• _Work item_
Please provide the entries below again, word for word.

Records from a data collection:

◇ ◇ ◇ ◇ ◇ ◇ ◇

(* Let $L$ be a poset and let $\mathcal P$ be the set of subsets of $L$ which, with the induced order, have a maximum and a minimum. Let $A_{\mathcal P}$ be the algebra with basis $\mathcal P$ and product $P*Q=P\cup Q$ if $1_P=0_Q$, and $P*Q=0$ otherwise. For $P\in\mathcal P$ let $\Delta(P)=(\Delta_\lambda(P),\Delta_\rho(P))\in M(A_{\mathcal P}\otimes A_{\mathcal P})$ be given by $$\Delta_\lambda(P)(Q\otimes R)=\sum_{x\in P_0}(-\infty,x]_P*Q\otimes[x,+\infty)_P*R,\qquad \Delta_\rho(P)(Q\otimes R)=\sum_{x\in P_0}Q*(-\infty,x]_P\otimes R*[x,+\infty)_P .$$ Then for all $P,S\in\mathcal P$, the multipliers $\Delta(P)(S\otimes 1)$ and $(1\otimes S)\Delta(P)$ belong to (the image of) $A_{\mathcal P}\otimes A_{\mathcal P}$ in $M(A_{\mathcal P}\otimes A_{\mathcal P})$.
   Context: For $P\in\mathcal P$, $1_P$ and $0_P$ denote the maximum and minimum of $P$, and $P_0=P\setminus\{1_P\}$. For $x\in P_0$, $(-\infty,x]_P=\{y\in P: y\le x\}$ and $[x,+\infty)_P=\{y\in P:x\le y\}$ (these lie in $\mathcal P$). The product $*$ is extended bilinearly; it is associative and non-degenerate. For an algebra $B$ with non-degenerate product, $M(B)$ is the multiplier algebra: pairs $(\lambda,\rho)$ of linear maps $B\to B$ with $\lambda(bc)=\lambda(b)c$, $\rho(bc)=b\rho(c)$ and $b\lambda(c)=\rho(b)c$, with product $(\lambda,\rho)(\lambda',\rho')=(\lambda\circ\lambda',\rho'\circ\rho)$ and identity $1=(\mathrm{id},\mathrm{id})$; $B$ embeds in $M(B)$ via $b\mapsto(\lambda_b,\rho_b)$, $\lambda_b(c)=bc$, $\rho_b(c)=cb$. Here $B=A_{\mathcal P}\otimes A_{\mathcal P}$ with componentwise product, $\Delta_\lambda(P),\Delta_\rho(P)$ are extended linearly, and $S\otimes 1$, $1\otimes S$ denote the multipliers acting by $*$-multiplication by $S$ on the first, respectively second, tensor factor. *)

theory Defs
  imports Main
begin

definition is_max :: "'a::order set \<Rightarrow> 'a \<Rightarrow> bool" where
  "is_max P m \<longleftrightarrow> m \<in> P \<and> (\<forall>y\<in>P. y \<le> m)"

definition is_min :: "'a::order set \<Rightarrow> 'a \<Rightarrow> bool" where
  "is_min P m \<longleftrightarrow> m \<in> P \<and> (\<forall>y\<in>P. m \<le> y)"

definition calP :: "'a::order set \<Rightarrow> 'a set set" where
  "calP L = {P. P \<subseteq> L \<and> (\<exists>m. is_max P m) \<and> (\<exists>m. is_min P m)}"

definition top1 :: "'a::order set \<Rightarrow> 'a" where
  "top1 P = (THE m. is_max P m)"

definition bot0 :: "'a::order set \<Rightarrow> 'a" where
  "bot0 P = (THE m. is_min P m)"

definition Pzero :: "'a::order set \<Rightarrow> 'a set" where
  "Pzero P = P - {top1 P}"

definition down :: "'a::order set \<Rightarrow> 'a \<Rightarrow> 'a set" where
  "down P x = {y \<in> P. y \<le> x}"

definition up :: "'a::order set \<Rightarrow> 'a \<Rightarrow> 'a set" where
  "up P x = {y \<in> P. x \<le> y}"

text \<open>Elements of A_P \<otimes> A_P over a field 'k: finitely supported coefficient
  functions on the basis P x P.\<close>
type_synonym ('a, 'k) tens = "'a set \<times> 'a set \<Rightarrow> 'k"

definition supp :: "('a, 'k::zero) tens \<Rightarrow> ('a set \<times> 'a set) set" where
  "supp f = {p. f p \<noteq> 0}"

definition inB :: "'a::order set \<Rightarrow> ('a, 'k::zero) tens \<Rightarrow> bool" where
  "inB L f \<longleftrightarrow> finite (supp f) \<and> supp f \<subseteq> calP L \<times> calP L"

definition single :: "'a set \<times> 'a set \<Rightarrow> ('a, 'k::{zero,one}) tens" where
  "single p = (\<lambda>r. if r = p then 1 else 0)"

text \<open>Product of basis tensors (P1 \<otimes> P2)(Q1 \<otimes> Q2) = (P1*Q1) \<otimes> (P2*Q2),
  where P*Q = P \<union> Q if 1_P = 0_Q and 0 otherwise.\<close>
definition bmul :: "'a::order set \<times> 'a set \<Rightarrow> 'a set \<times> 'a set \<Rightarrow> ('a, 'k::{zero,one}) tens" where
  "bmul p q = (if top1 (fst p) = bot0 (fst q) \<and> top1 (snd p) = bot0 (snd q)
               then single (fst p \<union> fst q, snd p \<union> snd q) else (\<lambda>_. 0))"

◇ ◇ ◇ ◇ ◇ ◇ ◇

• _Answer section_
(* Let $L$ be a poset and let $\mathcal P$ be the set of subsets of $L$ which, with the induced order, have a maximum and a minimum. Let $A_{\mathcal P}$ be the algebra with basis $\mathcal P$ and product $P*Q=P\cup Q$ if $1_P=0_Q$, and $P*Q=0$ otherwise. For $P\in\mathcal P$ let $\Delta(P)=(\Delta_\lambda(P),\Delta_\rho(P))\in M(A_{\mathcal P}\otimes A_{\mathcal P})$ be given by $$\Delta_\lambda(P)(Q\otimes R)=\sum_{x\in P_0}(-\infty,x]_P*Q\otimes[x,+\infty)_P*R,\qquad \Delta_\rho(P)(Q\otimes R)=\sum_{x\in P_0}Q*(-\infty,x]_P\otimes R*[x,+\infty)_P .$$ Then for all $P,S\in\mathcal P$, the multipliers $\Delta(P)(S\otimes 1)$ and $(1\otimes S)\Delta(P)$ belong to (the image of) $A_{\mathcal P}\otimes A_{\mathcal P}$ in $M(A_{\mathcal P}\otimes A_{\mathcal P})$.
   Context: For $P\in\mathcal P$, $1_P$ and $0_P$ denote the maximum and minimum of $P$, and $P_0=P\setminus\{1_P\}$. For $x\in P_0$, $(-\infty,x]_P=\{y\in P: y\le x\}$ and $[x,+\infty)_P=\{y\in P:x\le y\}$ (these lie in $\mathcal P$). The product $*$ is extended bilinearly; it is associative and non-degenerate. For an algebra $B$ with non-degenerate product, $M(B)$ is the multiplier algebra: pairs $(\lambda,\rho)$ of linear maps $B\to B$ with $\lambda(bc)=\lambda(b)c$, $\rho(bc)=b\rho(c)$ and $b\lambda(c)=\rho(b)c$, with product $(\lambda,\rho)(\lambda',\rho')=(\lambda\circ\lambda',\rho'\circ\rho)$ and identity $1=(\mathrm{id},\mathrm{id})$; $B$ embeds in $M(B)$ via $b\mapsto(\lambda_b,\rho_b)$, $\lambda_b(c)=bc$, $\rho_b(c)=cb$. Here $B=A_{\mathcal P}\otimes A_{\mathcal P}$ with componentwise product, $\Delta_\lambda(P),\Delta_\rho(P)$ are extended linearly, and $S\otimes 1$, $1\otimes S$ denote the multipliers acting by $*$-multiplication by $S$ on the first, respectively second, tensor factor. *)

theory Defs
  imports Main
begin

definition is_max :: "'a::order set \<Rightarrow> 'a \<Rightarrow> bool" where
  "is_max P m \<longleftrightarrow> m \<in> P \<and> (\<forall>y\<in>P. y \<le> m)"

definition is_min :: "'a::order set \<Rightarrow> 'a \<Rightarrow> bool" where
  "is_min P m \<longleftrightarrow> m \<in> P \<and> (\<forall>y\<in>P. m \<le> y)"

definition calP :: "'a::order set \<Rightarrow> 'a set set" where
  "calP L = {P. P \<subseteq> L \<and> (\<exists>m. is_max P m) \<and> (\<exists>m. is_min P m)}"

definition top1 :: "'a::order set \<Rightarrow> 'a" where
  "top1 P = (THE m. is_max P m)"

definition bot0 :: "'a::order set \<Rightarrow> 'a" where
  "bot0 P = (THE m. is_min P m)"

definition Pzero :: "'a::order set \<Rightarrow> 'a set" where
  "Pzero P = P - {top1 P}"

definition down :: "'a::order set \<Rightarrow> 'a \<Rightarrow> 'a set" where
  "down P x = {y \<in> P. y \<le> x}"

definition up :: "'a::order set \<Rightarrow> 'a \<Rightarrow> 'a set" where
  "up P x = {y \<in> P. x \<le> y}"

text \<open>Elements of A_P \<otimes> A_P over a field 'k: finitely supported coefficient
  functions on the basis P x P.\<close>
type_synonym ('a, 'k) tens = "'a set \<times> 'a set \<Rightarrow> 'k"

definition supp :: "('a, 'k::zero) tens \<Rightarrow> ('a set \<times> 'a set) set" where
  "supp f = {p. f p \<noteq> 0}"

definition inB :: "'a::order set \<Rightarrow> ('a, 'k::zero) tens \<Rightarrow> bool" where
  "inB L f \<longleftrightarrow> finite (supp f) \<and> supp f \<subseteq> calP L \<times> calP L"

definition single :: "'a set \<times> 'a set \<Rightarrow> ('a, 'k::{zero,one}) tens" where
  "single p = (\<lambda>r. if r = p then 1 else 0)"

text \<open>Product of basis tensors (P1 \<otimes> P2)(Q1 \<otimes> Q2) = (P1*Q1) \<otimes> (P2*Q2),
  where P*Q = P \<union> Q if 1_P = 0_Q and 0 otherwise.\<close>
definition bmul :: "'a::order set \<times> 'a set \<Rightarrow> 'a set \<times> 'a set \<Rightarrow> ('a, 'k::{zero,one}) tens" where
  "bmul p q = (if top1 (fst p) = bot0 (fst q) \<and> top1 (snd p) = bot0 (snd q)
               then single (fst p \<union> fst q, snd p \<union> snd q) else (\<lambda>_. 0))"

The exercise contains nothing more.